Читаем The White Company полностью

"You say sooth," said Johnston, turning his seamed and grizzled face upon the man-at-arms. "See yonder," he added, pointing to a bombard which lay within the camp: "there is what hath done scath to good bowmanship, with its filthy soot and foolish roaring mouth. I wonder that a true knight, like our prince, should carry such a scurvy thing in his train. Robin, thou red-headed lurden, how oft must I tell thee not to shoot straight with a quarter-wind blowing across the mark?"

"By these ten finger-bones! there were some fine bowmen at the intaking of Calais," said Aylward. "I well remember that, on occasion of an outfall, a Genoan raised his arm over his mantlet, and shook it at us, a hundred paces from our line. There were twenty who loosed shafts at him, and when the man was afterwards slain it was found that he had taken eighteen through his forearm."

"And I can call to mind," remarked Johnston, "that when the great cog 'Christopher,' which the French had taken from us, was moored two hundred paces from the shore, two archers, little Robin Withstaff and Elias Baddlesmere, in four shots each cut every strand of her hempen anchor-cord, so that she well-nigh came upon the rocks."

"Good shooting, i' faith rare shooting!" said Black Simon. "But I have seen you, Johnston, and you, Samkin Aylwart, and one or two others who are still with us, shoot as well as the best. Was it not you, Johnston, who took the fat ox at Finsbury butts against the pick of London town?"

A sunburnt and black-eyed Brabanter had stood near the old archers, leaning upon a large crossbow and listening to their talk, which had been carried on in that hybrid camp dialect which both nations could understand. He was a squat, bull-necked man, clad in the iron helmet, mail tunic, and woollen gambesson of his class. A jacket with hanging sleeves, slashed with velvet at the neck and wrists, showed that he was a man of some consideration, an under-officer, or file-leader of his company.

"I cannot think," said he, "why you English should be so fond of your six-foot stick. If it amuse you to bend it, well and good; but why should I strain and pull, when my little moulinet will do all for me, and better than I can do it for myself?"

"I have seen good shooting with the prod and with the latch," said Aylward, "but, by my hilt! camarade, with all respect to you and to your bow, I think that is but a woman's weapon, which a woman can point and loose as easily as a man."

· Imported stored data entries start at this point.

(* Let $\mathcal{H}$ be a finite-dimensional Hilbert space, $T:\mathcal{B}(\mathcal{H})\to\mathcal{B}(\mathcal{H})$ a channel, and let $E:\mathcal{B}(\mathcal{H}^{\otimes n})\to\mathcal{B}(\mathcal{H}^{\otimes m})$ and $D:\mathcal{B}(\mathcal{H}^{\otimes m})\to\mathcal{B}(\mathcal{H}^{\otimes n})$ be encoding and decoding channels (coding $m$ systems into $n$ systems) which correct $f$ errors. Suppose that $$\|T-\mathrm{id}\|_{cb}\le\frac{f+1}{n-f-1}.$$ Then $$\|E\,T^{\otimes n}D-\mathrm{id}\|_{cb}\le\|T-\mathrm{id}\|_{cb}^{\,f+1}\;2^{nH_2((f+1)/n)},$$ where $H_2(r)=-r\log_2r-(1-r)\log_2(1-r)$.
   Context: A channel is a completely positive unital linear map between operator algebras $\mathcal{B}(\cdot)$ of finite-dimensional Hilbert spaces (Heisenberg picture); $\mathrm{id}$ denotes the identity map. The cb-norm of a linear map $S:\mathcal{B}(\mathcal{K}_2)\to\mathcal{B}(\mathcal{K}_1)$ is $\|S\|_{cb}=\sup\{\|(S\otimes\mathrm{id}_{\mathcal{B}(\mathbb{C}^k)})(A)\|:k\in\mathbb{N},\ A\in\mathcal{B}(\mathcal{K}_2\otimes\mathbb{C}^k),\ \|A\|\le1\}$. The pair $(E,D)$ corrects $f$ errors if $E(T_1\otimes\cdots\otimes T_n)D=\mathrm{id}$ for all channels $T_1,\dots,T_n:\mathcal{B}(\mathcal{H})\to\mathcal{B}(\mathcal{H})$ such that $T_i\neq\mathrm{id}$ for at most $f$ indices $i$. *)

theory Defs
  imports Complex_Main "Jordan_Normal_Form.Matrix"
begin

text \<open>B(C^a) is represented by complex a x a matrices (carrier_mat a a).
  A linear map S : B(C^a) -> B(C^b) is a function on matrices, considered on carrier_mat a a.
  H^{tensor n} is C^(d^n), with Kronecker ordering (first factor most significant).\<close>

definition vnorm :: "complex vec \<Rightarrow> real" where
  "vnorm v = sqrt (\<Sum>i<dim_vec v. (cmod (v $ i))^2)"

definition opnorm :: "complex mat \<Rightarrow> real" where
  "opnorm A = Sup {vnorm (A *\<^sub>v v) | v. dim_vec v = dim_col A \<and> vnorm v \<le> 1}"

definition eunit :: "nat \<Rightarrow> nat \<Rightarrow> nat \<Rightarrow> complex mat" where
  "eunit a i j = mat a a (\<lambda>(r,s). if r = i \<and> s = j then 1 else 0)"

text \<open>Tensor product S (x) R of linear maps S : B(C^a1) -> B(C^b1), R : B(C^a2) -> B(C^b2),
  acting on B(C^a1 (x) C^a2) = B(C^(a1*a2)), defined by linear extension of
  (S (x) R)(E_ij (x) E_kl) = S(E_ij) (x) R(E_kl).\<close>
definition map_tensor ::
  "nat \<Rightarrow> nat \<Rightarrow> nat \<Rightarrow> nat \<Rightarrow> (complex mat \<Rightarrow> complex mat) \<Rightarrow> (complex mat \<Rightarrow> complex mat)
    \<Rightarrow> complex mat \<Rightarrow> complex mat" where
  "map_tensor a1 b1 a2 b2 S R A = mat (b1*b2) (b1*b2) (\<lambda>(p,q).
     \<Sum>i<a1. \<Sum>j<a1. \<Sum>k<a2. \<Sum>l<a2.
       A $$ (i*a2 + k, j*a2 + l) * S (eunit a1 i j) $$ (p div b2, q div b2)
         * R (eunit a2 k l) $$ (p mod b2, q mod b2))"

definition lin_map :: "nat \<Rightarrow> nat \<Rightarrow> (complex mat \<Rightarrow> complex mat) \<Rightarrow> bool" where
  "lin_map a b S \<longleftrightarrow> (\<forall>A \<in> carrier_mat a a. S A \<in> carrier_mat b b) \<and>
     (\<forall>A \<in> carrier_mat a a. \<forall>B \<in> carrier_mat a a. S (A + B) = S A + S B) \<and>
     (\<forall>A \<in> carrier_mat a a. \<forall>c. S (c \<cdot>\<^sub>m A) = c \<cdot>\<^sub>m S A)"

definition psd :: "nat \<Rightarrow> complex mat \<Rightarrow> bool" where
  "psd N A \<longleftrightarrow> A \<in> carrier_mat N N \<and>
     (\<forall>v. dim_vec v = N \<longrightarrow>
        (let z = (\<Sum>i<N. cnj (v $ i) * (A *\<^sub>v v) $ i) in Im z = 0 \<and> Re z \<ge> 0))"
lemma AE_not_in_ball_iff: "(AE y in lborel. y \<notin> ball c r) \<longleftrightarrow> r \<le> (0::real)"
  for c :: "'a::euclidean_space"
proof
  assume "AE y in lborel. y \<notin> ball c r"
  then have "emeasure lborel (ball c r) = 0"
    by (subst (asm) AE_iff_measurable[of "ball c r"]) auto
  then show "r \<le> 0"
    using content_ball_pos[of r c] by (cases "0 < r") (auto simp: measure_def)
qed (intro AE_I2, smt (verit) zero_le_dist mem_ball)

lemma reflection_difference_vanishes_at_minimum:
  fixes u :: "real^'n::finite \<Rightarrow> real"
  assumes s: "0 < s" and p: "1 < p" and x: "x \<in> half_space k lam"
    and def_u: "fpl_defined s p u x" and def_ul: "fpl_defined s p (\<lambda>y. u (reflect k lam y)) x"
    and pv: "Lim (at_right 0) (fpl_trunc s p u x) \<le> Lim (at_right 0) (fpl_trunc s p (\<lambda>y. u (reflect k lam y)) x)"
    and min: "u (reflect k lam x) - u x \<le> 0"
      "\<And>y. y \<in> half_space k lam \<Longrightarrow> u (reflect k lam x) - u x \<le> u (reflect k lam y) - u y"
  shows "u (reflect k lam x) - u x = 0"
    and "AE y in lborel. y \<in> half_space k lam \<longrightarrow> u (reflect k lam y) - u y = 0"
proof -
  let ?\<Sigma> = "half_space k lam"
  have "AE y in lborel. y \<in> ?\<Sigma> \<longrightarrow> folded_kernel_diff s p u k lam x y = 0"
  proof (rule AE_eq_0_if_nonpos_and_punctured_limit_nonneg)
    show "?\<Sigma> \<in> sets lborel" by (rule half_space_sets)
    show "folded_kernel_diff s p u k lam x y \<le> 0" if "y \<in> ?\<Sigma>" "y \<noteq> x" for y
      using folded_kernel_diff_nonpos(1)[OF s p x that min(1) min(2)[OF that(1)]] .
  qed (use folded_kernel_diff_principal_value[OF x def_u def_ul] pv in auto)
  then have AE: "AE y in lborel. y \<in> ?\<Sigma> \<longrightarrow> u (reflect k lam x) - u x = 0 \<and> u (reflect k lam y) - u y = 0"
    using AE_lborel_singleton[of x]
    by eventually_elim (use folded_kernel_diff_nonpos(2)[OF s p x _ _ min(1) min(2)] in blast)
  show "u (reflect k lam x) - u x = 0"
  proof (rule ccontr)
    assume "u (reflect k lam x) - u x \<noteq> 0"
    with AE have "AE y in lborel. y \<notin> ?\<Sigma>" by auto
    then have "AE y in lborel. y \<notin> ball x (lam - x $ k)"
      by eventually_elim (use ball_subset_half_space[OF order_refl] in blast)
    then have "lam - x $ k \<le> 0" by (simp only: AE_not_in_ball_iff)
    with x show False by (simp add: half_space_def)
  qed
  show "AE y in lborel. y \<in> ?\<Sigma> \<longrightarrow> u (reflect k lam y) - u y = 0"
    using AE by eventually_elim blast
qed
(* Let $\mathcal G_x$ be a matching graph with arrival distribution $(\alpha_i)$ such that a Braess paradox occurs when the edge $\{u,v\}$ ($u,v$ distinct non-adjacent nodes) is added, i.e. $\mathbb E[Q_x]<\mathbb E[\overline{Q_x}]$, where $\overline{\mathcal G_x}$ is $\mathcal G_x$ plus the edge $\{u,v\}$ and both FCFS models are stable. Let $x$ be a node distinct from $u$ and $v$, and let $\mathcal G_{yz}$ with arrival distribution $(\beta_i)$ be obtained by decomposing $x$ into $y$ and $z$, with $\beta_y,\beta_z>0$ (not necessarily equal), $\beta_y+\beta_z=\alpha_x$, and $\beta_i=\alpha_i$ for $i\ne x$. Let $\overline{\mathcal G_{yz}}$ be $\mathcal G_{yz}$ plus the edge $\{u,v\}$. Then $\mathbb E[Q_{yz}]<\mathbb E[\overline{Q_{yz}}]$, i.e. the Braess paradox also occurs for $(\mathcal G_{yz},\beta)$.
   Context: A matching model consists of a finite connected simple graph and an arrival distribution on its nodes with positive entries. Under FCFS, the state is the word of unmatched item classes in order of arrival; an arriving item of class $i$ deletes the oldest letter of the word that is a neighbour of $i$, and if there is none $i$ is appended. For a stable model, $\mathbb E[Q]$ is the stationary mean number of items (word length). Decomposition: given a graph $\mathcal G_x=(\mathcal V,\xi)$ with node $x$, $\mathcal G_{yz}$ has node set $(\mathcal V\setminus\{x\})\cup\{y,z\}$ with $y,z$ new nodes; edges among $\mathcal V\setminus\{x\}$ are as in $\mathcal G_x$ and each of $y$ and $z$ is adjacent exactly to the neighbours of $x$ in $\mathcal G_x$ (so $y,z$ are not adjacent). $\mathbb E[Q_x],\mathbb E[\overline{Q_x}],\mathbb E[Q_{yz}],\mathbb E[\overline{Q_{yz}}]$ denote the stationary mean numbers of items for $(\mathcal G_x,\alpha)$, $(\overline{\mathcal G_x},\alpha)$, $(\mathcal G_{yz},\beta)$, $(\overline{\mathcal G_{yz}},\beta)$ respectively. *)

theory Defs
  imports "HOL-Probability.Probability"
begin

definition simple_graph :: "'a set \<Rightarrow> 'a set set \<Rightarrow> bool" where
  "simple_graph V E \<longleftrightarrow> finite V \<and>
     (\<forall>e\<in>E. \<exists>a b. a \<in> V \<and> b \<in> V \<and> a \<noteq> b \<and> e = {a, b})"

definition connected_graph :: "'a set \<Rightarrow> 'a set set \<Rightarrow> bool" where
  "connected_graph V E \<longleftrightarrow> V \<noteq> {} \<and>
     (\<forall>a\<in>V. \<forall>b\<in>V. (a, b) \<in> {(p, q). {p, q} \<in> E}\<^sup>*)"

text \<open>FCFS dynamics: an arriving item of class i removes the oldest letter of the
  word that is a neighbour of i; if there is none, i is appended.\<close>

definition fcfs_step :: "'a set set \<Rightarrow> 'a list \<Rightarrow> 'a \<Rightarrow> 'a list" where
  "fcfs_step E w i =
     (let p = takeWhile (\<lambda>c. {c, i} \<notin> E) w;
          r = dropWhile (\<lambda>c. {c, i} \<notin> E) w
      in if r = [] then w @ [i] else p @ tl r)"

definition valid_word :: "'a set \<Rightarrow> 'a set set \<Rightarrow> 'a list \<Rightarrow> bool" where
  "valid_word V E w \<longleftrightarrow> set w \<subseteq> V \<and>
     (\<forall>j < length w. \<forall>k < length w. {w ! j, w ! k} \<notin> E)"

definition stationary :: "'a set \<Rightarrow> 'a set set \<Rightarrow> 'a pmf \<Rightarrow> 'a list pmf \<Rightarrow> bool" where
  "stationary V E A \<pi> \<longleftrightarrow> set_pmf \<pi> \<subseteq> {w. valid_word V E w} \<and>
     bind_pmf \<pi> (\<lambda>w. map_pmf (fcfs_step E w) A) = \<pi>"

definition matching_model :: "'a set \<Rightarrow> 'a set set \<Rightarrow> 'a pmf \<Rightarrow> bool" where
  "matching_model V E A \<longleftrightarrow> simple_graph V E \<and> connected_graph V E \<and> set_pmf A = V"

definition stable :: "'a set \<Rightarrow> 'a set set \<Rightarrow> 'a pmf \<Rightarrow> bool" where
  "stable V E A \<longleftrightarrow> matching_model V E A \<and> (\<exists>!\<pi>. stationary V E A \<pi>)"

definition mean_items :: "'a set \<Rightarrow> 'a set set \<Rightarrow> 'a pmf \<Rightarrow> ennreal" where
  "mean_items V E A =
     (\<integral>\<^sup>+ w. ennreal (real (length w)) \<partial>measure_pmf (THE \<pi>. stationary V E A \<pi>))"

definition decomp_V :: "'a set \<Rightarrow> 'a \<Rightarrow> 'a \<Rightarrow> 'a \<Rightarrow> 'a set" where
  "decomp_V V x y z = (V - {x}) \<union> {y, z}"

definition decomp_E :: "'a set set \<Rightarrow> 'a \<Rightarrow> 'a \<Rightarrow> 'a \<Rightarrow> 'a set set" where
  "decomp_E E x y z = {e \<in> E. x \<notin> e} \<union> {{y, n} | n. {x, n} \<in> E} \<union> {{z, n} | n. {x, n} \<in> E}"

end

theory Submission
  imports Defs
begin

text \<open>Merging y and z back into x maps the FCFS chain of the decomposed model onto the original
  one, step by step; conversely, relabelling every letter x of a word independently as y or z, with
  probabilities proportional to \<beta>_y and \<beta>_z, turns stationary distributions of the original
  chain into stationary distributions of the decomposed one. Stationary distributions of a matching
  model are unique, because the empty word is accessible from every state. Hence the stationary word
  length has the same law in both models and E[Q_yz] = E[Q_x]. Since the edge {u,v} avoids x, the
  same holds after adding it, and the Braess inequality carries over.\<close>

lemma pmf_mult_le_pmf_bind: "pmf M x * pmf (N x) i \<le> pmf (bind_pmf M N) i"
proof -
  have "ennreal (pmf M x * pmf (N x) i) = (\<integral>\<^sup>+x'. ennreal (pmf M x') * ennreal (pmf (N x') i) * indicator {x} x' \<partial>count_space UNIV)"
    by (simp add: ennreal_mult)
  also have "\<dots> \<le> (\<integral>\<^sup>+x'. ennreal (pmf M x') * ennreal (pmf (N x') i) \<partial>count_space UNIV)"
    by (intro nn_integral_mono) (simp split: split_indicator)
  also have "\<dots> = ennreal (pmf (bind_pmf M N) i)"
    by (simp add: ennreal_pmf_bind nn_integral_measure_pmf)
  finally show ?thesis by (simp add: ennreal_le_iff)
qed

lemma pmf_le_pmf_map: "pmf M x \<le> pmf (map_pmf f M) (f x)"
proof -
  have "measure M {x} \<le> measure M (f -` {f x})"
    by (intro measure_pmf.finite_measure_mono) auto
  then show ?thesis by (simp add: pmf_map measure_pmf_single)
qed

lemma pmf_bind_return_except:
  assumes "\<And>j. j \<noteq> x \<Longrightarrow> L j = return_pmf j"
  shows "pmf (bind_pmf \<alpha> L) i = pmf \<alpha> x * pmf (L x) i + (if i = x then 0 else pmf \<alpha> i)"
proof -
  have "ennreal (pmf (bind_pmf \<alpha> L) i)
      = (\<integral>\<^sup>+j. ennreal (pmf (L x) i) * indicator {x} j + indicator ({i} - {x}) j \<partial>\<alpha>)"
    unfolding ennreal_pmf_bind using assms by (intro nn_integral_cong) (auto split: split_indicator)
  also have "\<dots> = ennreal (pmf (L x) i) * emeasure \<alpha> {x} + emeasure \<alpha> ({i} - {x})"
    by (simp add: nn_integral_add nn_integral_cmult_indicator)
  also have "\<dots> = ennreal (pmf \<alpha> x * pmf (L x) i + (if i = x then 0 else pmf \<alpha> i))"
    by (cases "i = x") (simp_all add: emeasure_pmf_single ennreal_mult ennreal_plus mult.commute)
  finally show ?thesis by (simp flip: ennreal_plus)
qed

lemma nn_integral_count_space_eq_if_le:
  fixes g h :: "'a \<Rightarrow> ennreal"
  assumes le: "\<And>a. g a \<le> h a"
    and total: "(\<integral>\<^sup>+a. h a \<partial>count_space UNIV) \<le> (\<integral>\<^sup>+a. g a \<partial>count_space UNIV)"
    and fin: "(\<integral>\<^sup>+a. g a \<partial>count_space UNIV) \<noteq> \<infinity>"
  shows "h = g"
proof -
  have "(\<integral>\<^sup>+a. h a - g a \<partial>count_space UNIV)
      = (\<integral>\<^sup>+a. h a \<partial>count_space UNIV) - (\<integral>\<^sup>+a. g a \<partial>count_space UNIV)"
    using fin le by (intro nn_integral_diff) auto
  also have "\<dots> = 0" using total fin by (simp add: diff_eq_0_ennreal less_top)
  finally have "\<And>a. h a - g a = 0" by (simp add: nn_integral_0_iff_AE AE_count_space)
  then show ?thesis using le by (intro ext antisym) (auto dest: ennreal_minus_eq_0)
qed

lemma pmf_eq_if_le:
  assumes "\<And>a. pmf M a \<le> pmf N a" shows "M = N"
proof -
  have "(\<lambda>a. ennreal (pmf N a)) = (\<lambda>a. ennreal (pmf M a))"
    using assms by (intro nn_integral_count_space_eq_if_le) (simp_all add: nn_integral_pmf)
  then show ?thesis by (intro pmf_eqI) (metis ennreal_inj pmf_nonneg)
qed

section \<open>Uniqueness of invariant distributions of Markov kernels\<close>

primrec kernel_iter :: "('b \<Rightarrow> 'b pmf) \<Rightarrow> nat \<Rightarrow> 'b \<Rightarrow> 'b pmf" where
  "kernel_iter K 0 a = return_pmf a"
| "kernel_iter K (Suc n) a = bind_pmf (K a) (kernel_iter K n)"

lemma bind_kernel_iter_invariant:
  assumes "bind_pmf \<mu> K = \<mu>" shows "bind_pmf \<mu> (kernel_iter K n) = \<mu>"
proof (induction n)
  case 0 then show ?case by (simp add: bind_return_pmf')
next
  case (Suc n)
  have step: "kernel_iter K (Suc n) = (\<lambda>a. bind_pmf (K a) (kernel_iter K n))"
    by (rule ext) simp
  have "bind_pmf \<mu> (kernel_iter K (Suc n)) = bind_pmf (bind_pmf \<mu> K) (kernel_iter K n)"
    unfolding step by (simp add: bind_assoc_pmf)
  also have "\<dots> = \<mu>" using assms Suc.IH by simp
  finally show ?case .
qed

lemma invariant_pmf_density:
  assumes "bind_pmf \<mu> K = \<mu>"
  shows "pmf \<mu> c = (\<integral>\<^sup>+a. ennreal (pmf \<mu> a) * pmf (K a) c \<partial>count_space UNIV)"
  by (subst (1) assms[symmetric]) (simp add: ennreal_pmf_bind nn_integral_measure_pmf)

text \<open>The minimum of two invariant densities is sub-invariant, and since the kernel preserves
  total mass it is invariant.\<close>

lemma invariant_min_pmf:
  assumes inv1: "bind_pmf \<mu>1 K = \<mu>1" and inv2: "bind_pmf \<mu>2 K = \<mu>2"
  defines "m \<equiv> \<lambda>a. ennreal (min (pmf \<mu>1 a) (pmf \<mu>2 a))"
  shows "(\<integral>\<^sup>+a. m a * pmf (K a) c \<partial>count_space UNIV) = m c"
proof -
  define mK where "mK c = (\<integral>\<^sup>+a. m a * pmf (K a) c \<partial>count_space UNIV)" for c
  have sub: "mK c \<le> m c" for c
  proof -
    have "mK c \<le> (\<integral>\<^sup>+a. ennreal (pmf \<mu> a) * pmf (K a) c \<partial>count_space UNIV)"
      if "\<And>a. min (pmf \<mu>1 a) (pmf \<mu>2 a) \<le> pmf \<mu> a" for \<mu>
      unfolding mK_def m_def using that by (auto intro!: nn_integral_mono mult_right_mono ennreal_leI)
    then have "mK c \<le> pmf \<mu>1 c" "mK c \<le> pmf \<mu>2 c"
      using invariant_pmf_density[OF inv1, of c] invariant_pmf_density[OF inv2, of c] by simp_all
    then show ?thesis by (simp add: m_def flip: min_ennreal)
  qed
  define S where "S = set_pmf \<mu>1"
  have m0: "m a = 0" if "a \<notin> S" for a
    using that by (simp add: S_def m_def set_pmf_eq)
  have restrict: "(\<integral>\<^sup>+a. g a \<partial>count_space UNIV) = (\<integral>\<^sup>+a. g a \<partial>count_space S)"
    if "\<And>a. a \<notin> S \<Longrightarrow> g a = 0" for g :: "_ \<Rightarrow> ennreal"
    using that by (subst nn_integral_count_space_indicator) (auto intro!: nn_integral_cong split: split_indicator)
  have "(\<integral>\<^sup>+c. mK c \<partial>count_space UNIV)
      = (\<integral>\<^sup>+c. \<integral>\<^sup>+a. m a * pmf (K a) c \<partial>count_space S \<partial>count_space UNIV)"
    unfolding mK_def using m0 by (subst restrict) auto
  also have "\<dots> = (\<integral>\<^sup>+a. \<integral>\<^sup>+c. m a * pmf (K a) c \<partial>count_space UNIV \<partial>count_space S)"
    by (rule nn_integral_count_space_nn_integral) (auto simp: S_def)
  also have "\<dots> = (\<integral>\<^sup>+a. m a \<partial>count_space UNIV)"
    using m0 by (subst restrict) (auto simp: nn_integral_cmult nn_integral_pmf)
  finally have total: "(\<integral>\<^sup>+c. mK c \<partial>count_space UNIV) = (\<integral>\<^sup>+a. m a \<partial>count_space UNIV)" .
  have "(\<integral>\<^sup>+a. m a \<partial>count_space UNIV) \<le> (\<integral>\<^sup>+a. pmf \<mu>1 a \<partial>count_space UNIV)"
    by (intro nn_integral_mono) (simp add: m_def)
  then have fin: "(\<integral>\<^sup>+a. m a \<partial>count_space UNIV) \<noteq> \<infinity>"
    by (auto simp: nn_integral_pmf top_unique)
  have "m = mK" using sub total fin by (intro nn_integral_count_space_eq_if_le) auto
  then have "mK c = m c" by simp
  then show ?thesis unfolding mK_def .
qed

"I know not about that," answered the Brabanter, "but this I know, that though I have served for fourteen years, I have never yet seen an Englishman do aught with the long-bow which I could not do better with my arbalest. By the three kings! I would even go further, and say that I have done things with my arbalest which no Englishman could do with his long-bow."

"Well said, mon gar.," cried Aylward. "A good cock has ever a brave call. Now, I have shot little of late, but there is Johnston here who will try a round with you for the honor of the Company."

"And I will lay a gallon of Jurancon wine upon the long-bow," said Black Simon, "though I had rather, for my own drinking, that it were a quart of Twynham ale."

"I take both your challenge and your wager," said the man of Brabant, throwing off his jacket and glancing keenly about him with his black, twinkling eyes. "I cannot see any fitting mark, for I care not to waste a bolt upon these shields, which a drunken boor could not miss at a village kermesse."

"This is a perilous man," whispered an English man-at-arms, plucking at Aylward's sleeve. "He is the best marksman of all the crossbow companies and it was he who brought down the Constable de Bourbon at Brignais, I fear that your man will come by little honor with him."

"Yet I have seen Johnston shoot these twenty years, and I will not flinch from it. How say you, old warhound, will you not have a flight shot or two with this springald?"

"Tut, tut, Aylward," said the old bowman. " My day is past, and it is for the younger ones to hold what we have gained. I take it unkindly of thee, Samkin, that thou shouldst call all eyes thus upon a broken bowman who could once shoot a fair shaft. Let me feel that bow, Wilkins! It is a Scotch bow, I see, for the upper nock is without and the lower within. By the black rood! it is a good piece of yew, well nocked, well strung, well waxed, and very joyful to the feel. I think even now that I might hit any large and goodly mark with a bow like this. Turn thy quiver to me, Aylward. I love an ash arrow pierced with cornel-wood for a roving shaft."

"By my hilt! and so do I," cried Aylward. "These three gander– winged shafts are such."

"So I see, comrade. It has been my wont to choose a saddle– backed feather for a dead shaft, and a swine-backed for a smooth flier. I will take the two of them. Ah! Samkin, lad, the eye grows dim and the hand less firm as the years pass."